We are now experiencing the third human coronavirus epidemic of the 21st century. COVID-19 has rapidly endangered the health and well-being of all people, especially vulnerable populations. The offending pathogen, SARS-CoV-2, is a novel coronavirus hitherto unknown to the medical field.

Some of what is known about the virus and the disease it causes has been compiled into a fast-track JBJS Orthopaedic Forum article by orthopaedic surgeon and researcher Mohit Bhandari, MD, PhD and his colleagues. Whether you are an orthopaedist, health care professional in another specialty, or a patient, you may find the following excerpts from the article useful.

The authors begin with a quote from Microsoft founder and philanthropist Bill Gates, who notes that “we’ve invested a huge amount in nuclear deterrents, but we’ve actually invested very little in a system to stop an epidemic.”

Epidemiology
Evidence suggests that asymptomatic, pre-symptomatic, or mildly symptomatic individuals could be drivers of the community spread of the virus. Early evidence from pre-published studies of 2 cohorts indicate that the virus is spread, on average, 2 to 3 days before symptoms present.

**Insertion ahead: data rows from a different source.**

lemma measure_ball_inter_quadratic_cone_le:
  fixes M :: "real^'n^'n"
  assumes M: "pos_def_sym M" "det M = 1" and "\<delta> > 0"
  shows "measure lborel (ball 0 1 \<inter> quadratic_cone M \<delta>) \<le> 2 ^ CARD('n) * \<delta> ^ (CARD('n) - 1) * nu1 M"
proof -
  obtain P lam where P: "orthogonal_matrix P" and eig: "\<And>k. M *v column k P = lam k *\<^sub>R column k P"
    using symmetric_matrix_orthogonal_eigenbasis M(1) unfolding pos_def_sym_def by blast
  have pos: "lam k > 0" for k
    using pos_def_sym_eigenvalue_pos[OF M(1) orthogonal_matrix_column_nonzero[OF P] eig] .
  have "Min (range lam) \<in> range lam"
    by (rule Min_in) auto
  then obtain j where j: "lam j = Min (range lam)"
    by (metis imageE)
  define b where "b = (\<chi> i. min 1 (\<delta> / sqrt (lam i)))"
  have "measure lborel (ball 0 1 \<inter> quadratic_cone M \<delta>) \<le> measure lborel ((*v) P ` cbox (- b) b)"
  proof (rule measure_mono_fmeasurable)
    show "ball 0 1 \<inter> quadratic_cone M \<delta> \<subseteq> (*v) P ` cbox (- b) b"
      unfolding b_def
      by (rule ball_inter_quadratic_cone_subset_box[OF P eigenbasis_quadratic_form[OF P eig] pos \<open>\<delta> > 0\<close>])
    show "ball 0 1 \<inter> quadratic_cone M \<delta> \<in> sets lborel"
      by (simp add: borel_closed closed_quadratic_cone)
    show "(*v) P ` cbox (- b) b \<in> fmeasurable lborel"
      by (intro fmeasurable_compact compact_continuous_image continuous_intros compact_cbox)
  qed
  also have "\<dots> = 2 ^ CARD('n) * (\<Prod>i\<in>UNIV. b $ i)"
    using \<open>\<delta> > 0\<close> pos by (intro measure_orthogonal_image_symmetric_box[OF P]) (simp add: b_def less_imp_le)
  also have "(\<Prod>i\<in>UNIV. b $ i) \<le> \<delta> ^ (CARD('n) - 1) * sqrt (lam j)"
    using prod_min_one_div_sqrt_le[of UNIV j lam \<delta>] pos eigenbasis_det[OF P eig] M(2) \<open>\<delta> > 0\<close>
    by (simp add: b_def)
  finally show ?thesis
    by (simp add: eigenbasis_nu1[OF P eig] j mult.assoc)
qed

subsection \<open>Haar measure on the orthogonal group\<close>

lemma haar_orthogonalD:
  assumes "haar_orthogonal \<mu>"
  shows "prob_space \<mu>" "sets \<mu> = sets borel" "space \<mu> = UNIV" "AE R in \<mu>. orthogonal_matrix R"
  using assms sets_eq_imp_space_eq[of \<mu> borel] by (auto simp: haar_orthogonal_def)

lemma haar_orthogonal_emeasure_left_mult:
  fixes \<mu> :: "(real^'n^'n) measure"
  assumes H: "haar_orthogonal \<mu>" and Q: "orthogonal_matrix Q" and A: "A \<in> sets borel"
  shows "emeasure \<mu> ((\<lambda>R. Q ** R) -` A) = emeasure \<mu> A"
proof -
  have "continuous_on UNIV (\<lambda>R::real^'n^'n. Q ** R)"
    by (intro continuous_intros)
  then have "(\<lambda>R. Q ** R) \<in> measurable \<mu> borel"
    unfolding measurable_cong_sets[OF haar_orthogonalD(2)[OF H] refl]
    by (rule borel_measurable_continuous_onI)
  then have "emeasure (distr \<mu> borel (\<lambda>R. Q ** R)) A = emeasure \<mu> ((\<lambda>R. Q ** R) -` A)"
    using A haar_orthogonalD(3)[OF H] by (simp add: emeasure_distr)
  moreover have "distr \<mu> borel (\<lambda>R. Q ** R) = \<mu>"
    using H Q by (simp add: haar_orthogonal_def)
  ultimately show ?thesis
    by simp
qed

text \<open>Fubini on \<open>\<mu> \<Otimes> \<mu>\<close> for the set \<open>{(R, S). S\<^sup>T R \<in> A}\<close>:
  left invariance evaluates both iterated integrals.\<close>
lemma haar_orthogonal_emeasure_transpose:
  fixes \<mu> :: "(real^'n^'n) measure"
  assumes H: "haar_orthogonal \<mu>" and A: "A \<in> sets borel"
  shows "emeasure \<mu> (transpose -` A) = emeasure \<mu> A"
proof -
  interpret P: prob_space \<mu>
    using haar_orthogonalD(1)[OF H] .
  interpret PP: pair_sigma_finite \<mu> \<mu>
    by (simp add: pair_sigma_finite_def P.sigma_finite_measure_axioms)
  have sets: "sets \<mu> = sets borel" and space: "space \<mu> = UNIV" and orth: "AE R in \<mu>. orthogonal_matrix R"
    using haar_orthogonalD[OF H] by auto
  have tA: "transpose -` A \<in> sets borel"
    using A by (intro continuous_vimage_borel continuous_intros)
  define T where "T = (\<lambda>(R, S :: real^'n^'n). transpose S ** R) -` A"
  have T: "T \<in> sets (\<mu> \<Otimes>\<^sub>M \<mu>)"
    unfolding T_def sets_pair_measure_cong[OF sets sets] borel_prod case_prod_unfold
    using A by (intro continuous_vimage_borel continuous_intros)
  have "(\<integral>\<^sup>+R. emeasure \<mu> (Pair R -` T) \<partial>\<mu>) = emeasure (\<mu> \<Otimes>\<^sub>M \<mu>) T"
    by (rule P.emeasure_pair_measure_alt[OF T, symmetric])
  also have "\<dots> = (\<integral>\<^sup>+S. emeasure \<mu> ((\<lambda>R. (R, S)) -` T) \<partial>\<mu>)"
    by (rule PP.emeasure_pair_measure_alt2[OF T])
  also have "(\<integral>\<^sup>+S. emeasure \<mu> ((\<lambda>R. (R, S)) -` T) \<partial>\<mu>) = (\<integral>\<^sup>+S. emeasure \<mu> A \<partial>\<mu>)"
    using orth
  proof (intro nn_integral_cong_AE, eventually_elim)
    case (elim S)
    have "(\<lambda>R. (R, S)) -` T = (\<lambda>R. transpose S ** R) -` A"
      by (auto simp: T_def)
    then show ?case
      using haar_orthogonal_emeasure_left_mult[OF H _ A, of "transpose S"] elim by simp
  qed
  also have "(\<integral>\<^sup>+R. emeasure \<mu> (Pair R -` T) \<partial>\<mu>) = (\<integral>\<^sup>+R. emeasure \<mu> (transpose -` A) \<partial>\<mu>)"
    using orth
  proof (intro nn_integral_cong_AE, eventually_elim)
    case (elim R)
    have "Pair R -` T = (\<lambda>S. transpose R ** S) -` (transpose -` A)"
      by (auto simp: T_def matrix_transpose_mul)
    then show ?case
      using haar_orthogonal_emeasure_left_mult[OF H _ tA, of "transpose R"] elim by simp
  qed
  finally show ?thesis
    using P.emeasure_space_1 by (simp add: space)
qed

lemma haar_orthogonal_emeasure_right_mult:
  fixes \<mu> :: "(real^'n^'n) measure"
  assumes H: "haar_orthogonal \<mu>" and Q: "orthogonal_matrix Q" and A: "A \<in> sets borel"
  shows "emeasure \<mu> ((\<lambda>R. R ** Q) -` A) = emeasure \<mu> A"
proof -
  have tA: "transpose -` A \<in> sets borel"
    using A by (intro continuous_vimage_borel continuous_intros)
  have B: "(\<lambda>S. transpose Q ** S) -` (transpose -` A) \<in> sets borel"
    by (rule continuous_vimage_borel[OF _ tA]) (intro continuous_intros)
  have "(\<lambda>R. R ** Q) -` A = transpose -` ((\<lambda>S. transpose Q ** S) -` (transpose -` A))"
    by (auto simp: matrix_transpose_mul)
  then have "emeasure \<mu> ((\<lambda>R. R ** Q) -` A) = emeasure \<mu> ((\<lambda>S. transpose Q ** S) -` (transpose -` A))"
    by (simp only: haar_orthogonal_emeasure_transpose[OF H B])
  also have "\<dots> = emeasure \<mu> (transpose -` A)"
    using Q by (intro haar_orthogonal_emeasure_left_mult[OF H _ tA]) simp
  also have "\<dots> = emeasure \<mu> A"
    by (rule haar_orthogonal_emeasure_transpose[OF H A])
  finally show ?thesis .
qed

lemma haar_orthogonal_emeasure_column_event:
  fixes \<mu> :: "(real^'n^'n) measure"
  assumes H: "haar_orthogonal \<mu>" and C: "C \<in> sets borel" and "norm u = 1" "norm w = 1"
  shows "emeasure \<mu> {R. R *v w \<in> C} = emeasure \<mu> {R. R *v u \<in> C}"
proof -
  obtain f where f: "orthogonal_transformation f" "f u = w"
    using orthogonal_transformation_exists_1 assms(3,4) by metis
  define Q where "Q = matrix f"
  have Q: "orthogonal_matrix Q" "Q *v u = w"
    using f by (auto simp: Q_def orthogonal_transformation_matrix matrix_works)
  have eq: "{R. R *v w \<in> C} = (\<lambda>R. R ** Q) -` {R. R *v u \<in> C}"
    by (auto simp flip: matrix_vector_mul_assoc simp: Q(2))
  show ?thesis
    unfolding eq using C by (intro haar_orthogonal_emeasure_right_mult[OF H Q(1)] sets_borel_matrix_vector_mult_event)
qed

lemma haar_orthogonal_emeasure_cone_event:
  fixes \<mu> :: "(real^'n^'n) measure"
  assumes H: "haar_orthogonal \<mu>" and C: "C \<in> sets borel"
    and cone: "\<And>c y. c > 0 \<Longrightarrow> c *\<^sub>R y \<in> C \<longleftrightarrow> y \<in> C" and "norm u = 1" "y \<noteq> 0"
  shows "emeasure \<mu> {R. R *v y \<in> C} = emeasure \<mu> {R. R *v u \<in> C}"
proof -
  have "{R. R *v y \<in> C} = {R. R *v (y /\<^sub>R norm y) \<in> C}"
    using \<open>y \<noteq> 0\<close> cone[of "inverse (norm y)"] by (simp add: matrix_vector_mult_scaleR)
  then show ?thesis
    using assms haar_orthogonal_emeasure_column_event[OF H C, of u "y /\<^sub>R norm y"] by simp
qed

text \<open>Fubini on \<open>\<mu> \<Otimes> lborel\<close> for the set \<open>{(R, y). |y| < 1 \<and> R y \<in> C}\<close>.\<close>
lemma haar_orthogonal_emeasure_cone:
  fixes \<mu> :: "(real^'n^'n) measure" and C :: "(real^'n) set"
  assumes H: "haar_orthogonal \<mu>" and C: "C \<in> sets borel"
    and cone: "\<And>c y. c > 0 \<Longrightarrow> c *\<^sub>R y \<in> C \<longleftrightarrow> y \<in> C" and u: "norm u = 1"
  shows "emeasure \<mu> {R. R *v u \<in> C} * emeasure lborel (ball (0::real^'n) 1) = emeasure lborel (ball 0 1 \<inter> C)"
proof -
  interpret P: prob_space \<mu>
    using haar_orthogonalD(1)[OF H] .
  interpret PL: pair_sigma_finite \<mu> lborel
    by (simp add: pair_sigma_finite_def P.sigma_finite_measure_axioms lborel.sigma_finite_measure_axioms)
  define X where "X = {p :: (real^'n^'n) \<times> (real^'n). snd p \<in> ball 0 1 \<and> fst p *v snd p \<in> C}"
  have "X = snd -` ball 0 1 \<inter> (\<lambda>p. fst p *v snd p) -` C"
    by (auto simp: X_def)
  then have X: "X \<in> sets (\<mu> \<Otimes>\<^sub>M lborel)"
    unfolding sets_pair_measure_cong[OF haar_orthogonalD(2)[OF H] sets_lborel] borel_prod
    by (simp only:) (intro sets.Int continuous_vimage_borel[OF _ C]
        continuous_vimage_borel[OF _ borel_open[OF open_ball]] continuous_intros)
  have "emeasure lborel (ball 0 1 \<inter> C) = (\<integral>\<^sup>+R. emeasure lborel (ball 0 1 \<inter> C) \<partial>\<mu>)"
    using P.emeasure_space_1 by (simp add: haar_orthogonalD(3)[OF H])
  also have "\<dots> = (\<integral>\<^sup>+R. emeasure lborel (Pair R -` X) \<partial>\<mu>)"
    using haar_orthogonalD(4)[OF H]
  proof (intro nn_integral_cong_AE, eventually_elim)
    case (elim R)
    then have "Pair R -` X = (*v) R -` (ball 0 1 \<inter> C)"
      by (auto simp: X_def orthogonal_matrix_norm)
    then show ?case
      using emeasure_lborel_orthogonal_vimage[OF \<open>orthogonal_matrix R\<close>, of "ball 0 1 \<inter> C"] C
      by (simp add: bounded_Int)
  qed
  also have "\<dots> = (\<integral>\<^sup>+y. emeasure \<mu> ((\<lambda>R. (R, y)) -` X) \<partial>lborel)"
    by (simp add: lborel.emeasure_pair_measure_alt[OF X, symmetric] PL.emeasure_pair_measure_alt2[OF X])
  also have "\<dots> = (\<integral>\<^sup>+y. emeasure \<mu> {R. R *v u \<in> C} * indicator (ball (0::real^'n) 1) y \<partial>lborel)"
    using AE_lborel_singleton[of "0::real^'n"]
  proof (intro nn_integral_cong_AE, eventually_elim)
    case (elim y)
    then show ?case
      using haar_orthogonal_emeasure_cone_event[OF H C cone u \<open>y \<noteq> 0\<close>]
      by (cases "y \<in> ball 0 1") (auto simp: X_def)
  qed
  also have "\<dots> = emeasure \<mu> {R. R *v u \<in> C} * emeasure lborel (ball (0::real^'n) 1)"
    by (simp add: nn_integral_cmult_indicator)
  finally show ?thesis ..
qed
lemma Well_order_approximant_order: "Well_order approximant_order"
proof -
  have linear: "Linear_order approximant_order"
    unfolding Field_approximant_order linear_order_on_def partial_order_on_def preorder_on_def
  proof (intro conjI)
    show "approximant_order \<subseteq> {X. approximant X} \<times> {X. approximant X}"
      "refl_on {X. approximant X} approximant_order"
      unfolding refl_on_def approximant_order_def by blast+
    show "trans approximant_order" "antisym approximant_order"
      unfolding trans_def antisym_def approximant_order_def by blast+
    show "total_on {X. approximant X} approximant_order"
      unfolding total_on_def approximant_order_def using approximant_chain by blast
  qed
  have "\<exists>X\<in>A. \<forall>Y\<in>A. (X, Y) \<in> approximant_order"
    if "A \<subseteq> Field approximant_order" "A \<noteq> {}" for A
  proof -
    have A: "\<forall>X\<in>A. approximant X" using that(1) Field_approximant_order by blast
    then have "\<Inter>A \<in> A" using Inter_approximants_mem that(2) by blast
    then show ?thesis using A unfolding approximant_order_def by blast
  qed
  then show ?thesis using Linear_order_Well_order_iff[OF linear] by blast
qed

lemma approximant_order_bottom:
  assumes "approximant X" "underS approximant_order X = {}"
  shows "X = {}"
  using assms underS_approximant_order[of X "{}"] approximant_empty by blast

lemma approximant_order_successor:
  assumes X: "approximant X" and Y: "approximant Y"
    and succ: "underS approximant_order X = under approximant_order Y"
  shows "f Y - Y \<noteq> {}" and "X = Y \<union> {least le (f Y - Y)}"
proof -
  have "Y \<in> under approximant_order Y" using under_approximant_order[OF Y] Y by blast
  then have YX: "Y \<subset> X" using succ underS_approximant_order[OF X] by blast
  show new: "f Y - Y \<noteq> {}"
  proof
    assume "f Y - Y = {}"
    then have "f Y = Y" using approximant_subset_image[OF Y] by blast
    then have "Y = fixpoint" using fixed_point_eq_fixpoint approximant_WO[OF Y] by blast
    then show False using YX approximant_subset_fixpoint[OF X] by blast
  qed
  let ?Y' = "Y \<union> {least le (f Y - Y)}"
  have Y': "approximant ?Y'" using approximant_succ[OF Y new] .
  have "\<not> ?Y' \<subset> X"
  proof
    assume "?Y' \<subset> X"
    then have "?Y' \<in> under approximant_order Y"
      using succ underS_approximant_order[OF X] Y' by blast
    then have "?Y' \<subseteq> Y" using under_approximant_order[OF Y] by blast
    then show False
      using least_WO_mem[OF f_WO[OF approximant_WO[OF Y]], of "f Y - Y"] new by blast
  qed
  then show "X = ?Y'" using approximant_chain[OF X Y'] YX by blast
qed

The CDC recently published a report on US patients with COVID-19, using data from February 12, 2020, to March 16, 2020 and found that younger age groups had appreciable risks of both hospitalizations and ICU admissions. This is contrary to data from other countries, where serious cases of COVID-19 occurred predominantly in older people with underlying illnesses.

Infection curves with a steep rise place huge demands on health-care systems and can overwhelm limited health-care resources and force clinicians to make agonizing decisions about which patients receive life-saving treatment and which do not. Hence, all the talk about precautions designed to flatten the curve instead of steepening it.

Vaccine Development
Although there has been impressive and rapid progress toward a vaccine already, a vaccine for widespread use is still likely months or years away, because of the testing, regulatory, and manufacturing hurdles that will need to be cleared.

One possible vaccine-development strategy is a subunit vaccine. Subunit vaccines elicit an immune response against the protein on the surface of a coronavirus to prevent its docking with host receptors. Given the similarities between SARS-CoV (the virus that caused the SARS outbreak in 2002 and 2003) and SARS-CoV-2, focusing on a subunit vaccine may be the most promising short-term approach.

Treatment
No specific treatment is currently recommended for COVID-19. Similar to many other viral illnesses, the current mainstays of treatment include early recognition and isolation, along with symptomatic and oxygen therapy.

A randomized controlled trial of the antiviral lopinavir-ritonavir compared with standard care included 199 adult patients with confirmed COVID-19, pneumonia, and compromised oxygen saturation. There was no significant difference between the 2 groups in terms of time to clinical improvement or mortality, with more adverse events occurring in the intervention group.

Dr. Bhandari and his colleagues also offer 9 pieces of practical guidance for surgeons, one of which echoes the experience of Emory University orthopaedists and the orthopaedic community in Singapore: Create multiple teams of clinicians who are completely isolated from one another.

The authors concede that it is impossible to accurately predict the trajectory of COVID-19. Even with aggressive containment procedures, the outbreak is unlikely to see meaningful resolution for weeks to months. Their final message to the health-care community: Exercise continued vigilance and preparedness for a possible second wave and a high index of suspicion for any new cases of undifferentiated respiratory illness in the weeks to months following a slowdown in new cases.

One thought on “COVID-19 Evidence from Dr. Bhandari

  1. “younger age groups had appreciable risks of both hospitalizations and ICU admissions” –

    What is the pathomechanism in a severe course?
    Paradoxical arterial embolization?
    “… pulmonary infection has often been a factor … in pulmonary vein thrombosis … which Is undoubtedly a potential source of arterial embolism. …”
    “… experienced pathologists are unwilling to believe that their dissection techniques have led them to fail to diagnose what may be a relatively common condition. …” (Gardner AMN and Fox RH. Pulmonary venous thrombosis as a source of systemic arterial embolism. In: The Venous System in Health and Disease. 2001, p. 161-8, Colour Plate III)
    Do we need more systematic and more thorough post mortem exams in suspected COVID-19 cases?